The purpose of our trip was to see a part of the world that neither of us had before. Anyone who’s been to Southeast Asia knows that in many ways it’s like another planet. The people, the culture, the food, the aromas and stenches and the lifestyles are so different from those we’re used to in the United States.
We arrived in Hanoi at night and, upon waking late and having a quick breakfast, we went out onto the street to see where we were. I’ve been to many countries and dozens of cities, but I’ve never seen anything like what I saw that morning on the streets of Hanoi.
There were thousands of motor scooters of every variety clogging every street, wherever I turned, and they were all blowing and tooting their horns — as were the cars, trucks and buses that the scooters were dodging. The word cacophony comes to mind. I’ve never seen or heard such apparent chaos.
Hanoi has a population of about 12 million people, and it has 6 million gas-powered scooters. The streets are so clogged with scooters — horns beeping, blinkers flashing, all swerving in and around each other at intersections — that it’s hard to visualize unless you’ve seen it in person.
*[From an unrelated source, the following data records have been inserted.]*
lemma tauR_gen_ncmul_gen:
  assumes j: "j \<in> {2..n}" and k: "k \<in> {2..n}"
  shows "ncmul (tauR_gen n b j) (gen k) \<approx> ncmul (gen j) (tauL_gen n b k)"
proof -
  have j1: "j \<in> {1..n}" and k1: "k \<in> {1..n}" using j k by simp_all
  have "ncmul (tauR_gen n b j) (gen k)
      \<approx> linpoly n 2 (c_mul n r e b (c_mul n r e b (gen_lin j) (gen_lin 1)) (gen_lin k))"
    unfolding tauR_gen_eq_prod_rhs by (rule alg_eq_sym[OF linpoly_c_mul_c_mul_gen[OF one_mem_gens j1 k]])
  also have "\<dots> = linpoly n 2 (c_mul n r e b (gen_lin j) (c_mul n r e b (gen_lin 1) (gen_lin k)))"
    by (simp only: test_assoc[OF k1 one_mem_gens j1])
  also have "\<dots> \<approx> ncmul (gen j) (tauL_gen n b k)"
    unfolding tauL_gen_eq_prod_rhs by (rule linpoly_c_mul_gen_c_mul[OF k1 one_mem_gens j])
  finally show ?thesis .
qed

lemma tauL_tauR_gen:
  assumes j: "j \<in> {2..n}"
  shows "tauL n b (tauR_gen n b j) \<approx> tauR n b (tauL_gen n b j)"
proof -
  have j1: "j \<in> {1..n}" using j by simp
  have "tauL n b (tauR_gen n b j)
      \<approx> linpoly n 2 (c_mul n r e b (gen_lin 1) (c_mul n r e b (gen_lin j) (gen_lin 1)))"
    unfolding tauR_gen_eq_prod_rhs by (rule alg_eq_sym[OF linpoly_c_mul_gen1_c_mul[OF one_mem_gens j1]])
  also have "\<dots> = linpoly n 2 (c_mul n r e b (c_mul n r e b (gen_lin 1) (gen_lin j)) (gen_lin 1))"
    by (simp only: test_assoc[OF one_mem_gens j1 one_mem_gens])
  also have "\<dots> \<approx> tauR n b (tauL_gen n b j)"
    unfolding tauL_gen_eq_prod_rhs by (rule linpoly_c_mul_c_mul_gen1[OF j1 one_mem_gens])
  finally show ?thesis .
qed

lemma p_ncmul_gen:
  assumes m: "r 1 = Some m" and j: "j \<in> {2..n}"
  shows "ncmul (p_elem n e) (gen j) \<approx> ncsc (of_nat m) (tauL_gen n b j)"
proof -
  have j1: "j \<in> {1..n}" using j by simp
  have "ncmul (p_elem n e) (gen j)
      \<approx> linpoly n 2 (c_mul n r e b (c_scale n r e m (gen_lin 1)) (gen_lin j))"
    by (rule alg_eq_sym[OF linpoly_c_mul_c_scale_gen1_gen[OF m j]])
  also have "\<dots> = linpoly n 2 (c_scale n r e m (c_mul n r e b (gen_lin 1) (gen_lin j)))"
    by (simp only: test_power_left[OF j1 one_mem_gens m])
  also have "\<dots> \<approx> ncsc (of_nat m) (tauL_gen n b j)"
    unfolding tauL_gen_eq_prod_rhs by (rule linpoly_c_scale_c_mul[OF j1 one_mem_gens])
  finally show ?thesis .
qed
For the first couple of days, I just watched the traffic, mesmerized. My jaw would have dropped, except that I wanted to keep my mouth closed against the dust and pollution.
When the Vietnamese people ride their gas-powered scooters through the chaotic, insane intersections in the city, their faces exhibit a calm one would expect from a Buddha during meditation. Everyone had the same peaceful expression on their faces, despite the density and intensity of the traffic or how many family members were riding on the scooter with them.
One time, in Ho Chi Minh City, we were eating dinner at a nice restaurant — not out on the street — and a scooter rode right past our table, and nobody seemed at all surprised or bothered. And scooter drivers often ride down the wrong side of the street as they near their turn, and again, nobody becomes upset or admonishes the errant rider in any way. Everyone seemed to allow all of the other riders and drivers to do what they needed to do to get where they were going.
And that’s how the traffic functioned so well: Everyone cooperated with everyone else, as though they were all on the same team.
From what I saw, few riders wore helmets or glasses while riding their motorcycles — which is a must in the States — but it didn’t really matter very much because there were no bugs. (I have to wear glasses when I ride my motorcycle to protect my eyes from insects.)
There were no bugs and no birds — or few, anyway. I noticed it right away, the first day we arrived: no birds in the city. I saw only one small flock of pigeons around a church, but that’s about the only place I saw any birds — even though I saw rice scattered on the ground, which, in any other city, would attract many.
Even on the coast, at the beach, there were no seagulls or terns or any sea birds. Could it be all of the poison that we sprayed over the county in the 1960s and 1970s?
For the last two weeks of our trip, we volunteered with a non-profit group in Ho Chi Minh City that was focused on raising awareness in the Vietnamese people about both climate change and its causes as well as the illegal trade in ivory and rhino horn.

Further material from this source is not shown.